LISTED RECORDS below:

abbreviation Units :: "real set" where
  "Units \<equiv> units_of_order Ord"

lemma Ord_iff_pbasis: "x \<in> Ord \<longleftrightarrow> (\<exists>p0 p1 p2. x = pbasis r1 p0 p1 p2)"
proof
  assume "x \<in> Ord"
  then obtain P where "x = poly (map_poly of_int P) r1" unfolding Zadj_def by blast
  with poly_eq_pbasis[of P] roots(1) show "\<exists>p0 p1 p2. x = pbasis r1 p0 p1 p2" by blast
next
  assume "\<exists>p0 p1 p2. x = pbasis r1 p0 p1 p2"
  then obtain p0 p1 p2 where x: "x = pbasis r1 p0 p1 p2" by blast
  have "x = poly (map_poly of_int [:p0, p1, p2:]) r1"
    unfolding x by (simp add: map_poly_pCons pbasis_def algebra_simps power2_eq_square)
  then show "x \<in> Ord" unfolding Zadj_def by blast
qed

lemma pbasis_in_Ord: "pbasis r1 p0 p1 p2 \<in> Ord"
  using Ord_iff_pbasis by blast

definition coords :: "real \<Rightarrow> int \<times> int \<times> int" where
  "coords x = (SOME (p0, p1, p2). x = pbasis r1 p0 p1 p2)"

text \<open>The embedding of Ord sending r1 to the root r (junk outside Ord); it is well defined
  because 1, r1, r1^2 are linearly independent over the integers (pbasis_inject).\<close>
definition emb :: "real \<Rightarrow> real \<Rightarrow> real" where
  "emb r x = (case coords x of (p0, p1, p2) \<Rightarrow> pbasis r p0 p1 p2)"

lemma coords_pbasis: "coords (pbasis r1 p0 p1 p2) = (p0, p1, p2)"
proof -
  have "case coords (pbasis r1 p0 p1 p2) of (q0, q1, q2) \<Rightarrow> pbasis r1 p0 p1 p2 = pbasis r1 q0 q1 q2"
    unfolding coords_def by (rule someI_ex) auto
  then show ?thesis using pbasis_inject by (cases "coords (pbasis r1 p0 p1 p2)") auto
qed

lemma emb_pbasis [simp]: "emb r (pbasis r1 p0 p1 p2) = pbasis r p0 p1 p2"
  unfolding emb_def coords_pbasis by simp

lemma one_in_Ord: "1 \<in> Ord" and emb_one: "emb r 1 = 1"
  using pbasis_in_Ord[of 1 0 0] emb_pbasis[of r 1 0 0] by (simp_all add: pbasis_def)

lemma r1_in_Ord: "r1 \<in> Ord" and emb_r1_self: "emb r r1 = r"
  using pbasis_in_Ord[of 0 1 0] emb_pbasis[of r 0 1 0] by (simp_all add: pbasis_def)

lemma pbasis_mult:
  "\<exists>c0 c1 c2. \<forall>r. f r = 0 \<longrightarrow> pbasis r p0 p1 p2 * pbasis r q0 q1 q2 = pbasis r c0 c1 c2"
proof -
  define c3 where "c3 = p1*q2 + p2*q1"
  define c4 where "c4 = p2*q2"
  have "pbasis r p0 p1 p2 * pbasis r q0 q1 q2
      = pbasis r (p0*q0 - c3 + B*c4) (p0*q1 + p1*q0 + C*c3 - (B*C + 1)*c4)
          (p0*q2 + p1*q1 + p2*q0 - B*c3 + (B^2 + C)*c4)"
    if "f r = 0" for r
    using f_cube[OF that]
    unfolding pbasis_def c3_def c4_def of_int_add of_int_mult of_int_diff of_int_power of_int_1
    by algebra
  then show ?thesis by blast
qed

lemma Ord_mult_emb:
  assumes "x \<in> Ord" "y \<in> Ord"
  shows "x * y \<in> Ord \<and> (\<forall>r. f r = 0 \<longrightarrow> emb r (x * y) = emb r x * emb r y)"
proof -
  obtain p0 p1 p2 q0 q1 q2 where x: "x = pbasis r1 p0 p1 p2" and y: "y = pbasis r1 q0 q1 q2"
    using assms Ord_iff_pbasis by metis
  obtain c0 c1 c2 where c: "\<And>r. f r = 0 \<Longrightarrow> pbasis r p0 p1 p2 * pbasis r q0 q1 q2 = pbasis r c0 c1 c2"
    using pbasis_mult by blast
  have "x * y = pbasis r1 c0 c1 c2" using c[OF roots(1)] x y by simp
  then show ?thesis using c x y pbasis_in_Ord by simp
qed

lemma Ord_mult: "x \<in> Ord \<Longrightarrow> y \<in> Ord \<Longrightarrow> x * y \<in> Ord"
  and emb_mult: "x \<in> Ord \<Longrightarrow> y \<in> Ord \<Longrightarrow> f r = 0 \<Longrightarrow> emb r (x * y) = emb r x * emb r y"
  using Ord_mult_emb by blast+

lemma units_emb_inverse:
  assumes "u \<in> Units" "f r = 0"
  shows "emb r u * emb r (inverse u) = 1"
proof -
  have "u \<in> Ord" "inverse u \<in> Ord" "u \<noteq> 0" using assms(1) unfolding units_of_order_def by auto
  then have "emb r (u * inverse u) = emb r u * emb r (inverse u)" using emb_mult assms(2) by blast
  with \<open>u \<noteq> 0\<close> show ?thesis by (simp add: emb_one)
qed
lemma Hall_marriage:
  fixes B :: "'i \<Rightarrow> 'a set"
  assumes "finite S" "finite I"
    and "\<And>K. K \<subseteq> S \<Longrightarrow> card K \<le> card (neighbours B I K)"
  shows "\<exists>f. inj_on f S \<and> (\<forall>x\<in>S. f x \<in> I \<and> x \<in> B (f x))"
  using assms
proof (induction "card S" arbitrary: S I rule: less_induct)
  case less
  note Hall = less.prems(3)
  have fin_N: "finite (neighbours B I K)" for K
    by (rule finite_subset[OF neighbours_subset less.prems(2)])
  (* Halmos-Vaughan: a nonempty proper K with exactly card K neighbours splits the problem
     into K and S - K; if there is none, any x can be matched to any of its neighbours. *)
  show ?case
  proof (cases "\<exists>K. K \<subseteq> S \<and> K \<noteq> {} \<and> K \<noteq> S \<and> card K = card (neighbours B I K)")
    case True
    then obtain K where K: "K \<subseteq> S" "K \<noteq> {}" "K \<noteq> S"
      and tight: "card K = card (neighbours B I K)" by blast
    define N where "N = neighbours B I K"
    have "finite K" using finite_subset[OF K(1) less.prems(1)] .
    have "card K < card S" "card (S - K) < card S"
      using K less.prems(1) by (auto intro: psubset_card_mono)
    obtain f where f: "inj_on f K" "\<forall>x\<in>K. f x \<in> I \<and> x \<in> B (f x)"
      using less.hyps[OF \<open>card K < card S\<close> \<open>finite K\<close> less.prems(2)] Hall K(1) by blast
    have "card L \<le> card (neighbours B (I - N) L)" if L: "L \<subseteq> S - K" for L
    proof -
      have "card L + card K = card (L \<union> K)"
        using L less.prems(1) \<open>finite K\<close> by (subst card_Un_disjoint) (auto intro: finite_subset)
      also have "\<dots> \<le> card (neighbours B I (L \<union> K))"
        using L K(1) by (intro Hall) blast
      also have "\<dots> = card (neighbours B I (L \<union> K) - N) + card N"
        using fin_N by (simp add: N_def card_Diff_subset card_mono neighbours_mono)
      also have "neighbours B I (L \<union> K) - N = neighbours B (I - N) L"
        by (auto simp: N_def neighbours_def)
      finally show ?thesis using tight N_def by simp
    qed
    then obtain g where g: "inj_on g (S - K)" "\<forall>x\<in>S - K. g x \<in> I - N \<and> x \<in> B (g x)"
      using less.hyps[OF \<open>card (S - K) < card S\<close>] less.prems(1,2) by blast
    have "f ` K \<subseteq> N" "g ` (S - K) \<inter> N = {}"
      using f(2) g(2) by (auto simp: N_def neighbours_def)
    then have "inj_on (\<lambda>x. if x \<in> K then f x else g x) (K \<union> (S - K))"
      using f(1) g(1) by (intro inj_on_disjoint_Un) auto
    moreover have "K \<union> (S - K) = S" using K(1) by blast
    ultimately show ?thesis using f(2) g(2) by (intro exI[of _ "\<lambda>x. if x \<in> K then f x else g x"]) auto
  next
    case no_tight: False
    show ?thesis
    proof (cases "S = {}")
      case True then show ?thesis by simp
    next
      case False
      then obtain x where x: "x \<in> S" by blast
      have "card {x} \<le> card (neighbours B I {x})" using Hall x by blast
      then have "neighbours B I {x} \<noteq> {}" by auto
      then obtain i where i: "i \<in> I" "x \<in> B i" by (auto simp: neighbours_def)
      have "card L \<le> card (neighbours B (I - {i}) L)" if L: "L \<subseteq> S - {x}" for L
      proof (cases "L = {}")
        case False
        have "L \<subseteq> S" "L \<noteq> S" using L x by auto
        then have "card L \<noteq> card (neighbours B I L)" using no_tight False by blast
        then have "card L < card (neighbours B I L)" using Hall[OF \<open>L \<subseteq> S\<close>] by simp
        then show ?thesis
          unfolding neighbours_Diff_index
          using diff_card_le_card_Diff[of "{i}" "neighbours B I L"] by simp
      qed simp
      then obtain g where g: "inj_on g (S - {x})" "\<forall>y\<in>S - {x}. g y \<in> I - {i} \<and> y \<in> B (g y)"
        using less.hyps[OF card_Diff1_less[OF less.prems(1) x]] less.prems(1,2) by blast
      have "inj_on (g(x := i)) (insert x (S - {x}))"
        using g by (auto simp: inj_on_def)
      then show ?thesis
        using g(2) i insert_Diff[OF x] by (intro exI[of _ "g(x := i)"]) auto
    qed
  qed
qed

End of LISTED RECORDS.

• TASK OBJECTIVE: Write out exactly the lines above from the line with "then obtain i" through the line with "L x by auto", both of them included, and leave out all other lines.

• EXERCISE RESPONSE:
      then obtain i where i: "i \<in> I" "x \<in> B i" by (auto simp: neighbours_def)
      have "card L \<le> card (neighbours B (I - {i}) L)" if L: "L \<subseteq> S - {x}" for L
      proof (cases "L = {}")
        case False
        have "L \<subseteq> S" "L \<noteq> S" using L x by auto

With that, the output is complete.